Also, that statute required
the court to award me three times whatever damages I proved I had
suffered, plus court costs and attorney's fees.

---
CHAPTER V. Tilting at windmills for fun and profit
5: Paragraph 1 At the same time the events I've described were
happening to me at Hutton Trust, someone else was having a similar
experience at another company incorporated in Delaware. Like me he was
a senior executive at a subsidiary of a national conglomerate and a
shareholder in the conglomerate, but unlike me he was the CEO of the sub
because he'd started the smaller company and sold it to the
conglomerate, and his block of the parent's stock was significant. Like
me he was dissatisfied with the asinine and illegal way the conglomerate
was operating and how it was forcing him to operate the sub, and he'd
been telling the national press about it.

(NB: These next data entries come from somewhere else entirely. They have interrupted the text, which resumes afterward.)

lemma finite_uniform_modulus_near_compact:
  fixes g :: "nat \<Rightarrow> 'a::heine_borel \<Rightarrow> 'b::metric_space"
  assumes "finite J" "compact T" "\<And>j. j \<in> J \<Longrightarrow> continuous_on UNIV (g j)" "e > 0"
  shows "\<exists>d>0. \<forall>j\<in>J. \<forall>u\<in>T. \<forall>w. dist u w < d \<longrightarrow> dist (g j u) (g j w) < e"
  using assms(1,3)
proof (induction J rule: finite_induct)
  case empty
  show ?case by (auto intro: exI[of _ 1])
next
  case (insert j J)
  then obtain d where d: "d > 0" "\<forall>j\<in>J. \<forall>u\<in>T. \<forall>w. dist u w < d \<longrightarrow> dist (g j u) (g j w) < e"
    by blast
  obtain d' where "d' > 0" "\<forall>u\<in>T. \<forall>w. dist u w < d' \<longrightarrow> dist (g j u) (g j w) < e"
    using uniform_modulus_near_compact[OF assms(2) _ assms(4)] insert.prems by blast
  with d show ?case
    by (intro exI[of _ "min d d'"]) (simp add: ball_simps(7))
qed

lemma finite_Jset: "finite (Jset m)"
  by (simp add: Jset_def)

lemma Fmax_ge: "j \<in> Jset m \<Longrightarrow> fs j u \<le> Fmax fs m u"
  unfolding Fmax_def by (intro Max_ge) (auto simp: finite_Jset)

lemma Fmax_gt_imp_ex:
  assumes "Jset m \<noteq> {}" "Fmax fs m u > e"
  shows "\<exists>j\<in>Jset m. fs j u > e"
  using assms by (auto simp: Fmax_def finite_Jset Max_gr_iff)

lemma LIMSEQ_in_Xstar:
  assumes cont: "\<And>j. j \<in> Jset m \<Longrightarrow> continuous_on UNIV (fs j)" "continuous_on UNIV f"
    and bdd: "bdd_below (f ` Dfeas fs m)"
    and u: "\<And>k. u k \<in> Deps fs m (e k) \<inter> Estar f fs m" "u \<longlonglongrightarrow> p"
    and e: "e \<longlonglongrightarrow> 0"
  shows "p \<in> Xstar f fs m"
proof -
  have "fs j p \<le> 0" if "j \<in> Jset m" for j
  proof (rule LIMSEQ_le)
    show "(\<lambda>k. fs j (u k)) \<longlonglongrightarrow> fs j p"
      by (rule continuous_on_tendsto_compose[OF cont(1)[OF that] u(2)]) simp_all
    have "fs j (u k) \<le> e k" for k
      using Fmax_ge[OF that, of fs "u k"] u(1)[of k] by (simp add: Deps_def)
    then show "\<exists>N. \<forall>k\<ge>N. fs j (u k) \<le> e k"
      by blast
  qed (rule e)
  then have p_feasible: "p \<in> Dfeas fs m"
    by (simp add: Dfeas_def)
  have "(\<lambda>k. f (u k)) \<longlonglongrightarrow> f p"
    by (rule continuous_on_tendsto_compose[OF cont(2) u(2)]) simp_all
  then have "f p \<le> fstar f fs m"
    using u(1) by (intro LIMSEQ_le_const2) (auto simp: Estar_def)
  moreover have "fstar f fs m \<le> f p"
    unfolding fstar_def using p_feasible bdd by (intro cInf_lower) auto
  ultimately show ?thesis
    using p_feasible by (simp add: Xstar_def)
qed

lemma infdist_tendsto_0_if_subseq_limits_in:
  fixes u :: "nat \<Rightarrow> 'a::heine_borel"
  assumes "bounded (range u)"
    and limits: "\<And>r p. strict_mono r \<Longrightarrow> (u \<circ> r) \<longlonglongrightarrow> p \<Longrightarrow> p \<in> S"
  shows "(\<lambda>k. infdist (u k) S) \<longlonglongrightarrow> 0"
proof (rule ccontr)
  assume "\<not> (\<lambda>k. infdist (u k) S) \<longlonglongrightarrow> 0"
  then obtain e where "e > 0" and "\<not> (\<forall>\<^sub>F k in sequentially. infdist (u k) S < e)"
    by (auto simp: tendsto_iff infdist_nonneg)
  then have far: "infinite {k. e \<le> infdist (u k) S}"
    by (simp add: cofinite_eq_sequentially[symmetric] eventually_cofinite not_less)
  define r where "r = enumerate {k. e \<le> infdist (u k) S}"
  have r: "strict_mono r" "\<And>n. e \<le> infdist (u (r n)) S"
    using strict_mono_enumerate[OF far] enumerate_in_set[OF far] by (auto simp: r_def)
  have "bounded (range (u \<circ> r))"
    using assms(1) by (rule bounded_subset) auto
  then obtain p r' where r': "strict_mono r'" "(u \<circ> r \<circ> r') \<longlonglongrightarrow> p"
    using bounded_imp_convergent_subsequence by blast
  have "p \<in> S"
    using limits[of "r \<circ> r'"] r(1) r' by (simp add: strict_mono_o o_assoc)
  then have "(\<lambda>n. infdist ((u \<circ> r \<circ> r') n) S) \<longlonglongrightarrow> 0"
    using tendsto_infdist[OF r'(2), of S] by simp
  then have "e \<le> 0"
    using r(2) by (intro LIMSEQ_le_const) auto
  with \<open>e > 0\<close> show False
    by simp
qed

5: Paragraph 2 By the summer of 1986 he'd given the conglomerate an
ultimatum with three alternatives: Either let him run the sub the way
it should be run or buy him out so he could leave, or else he'd sue
them. After that his story is vastly different from mine, but then he
was H. Ross Perot, the conglomerate was GM, and his sub was EDS.
5: Paragraph 3 GM did buy Perot's GM stock back, and he resigned
from EDS and promised to quit criticizing GM, but GM paid him so many
millions of dollars that its shareholders sued GM and Perot, calling the
payment "hushmail.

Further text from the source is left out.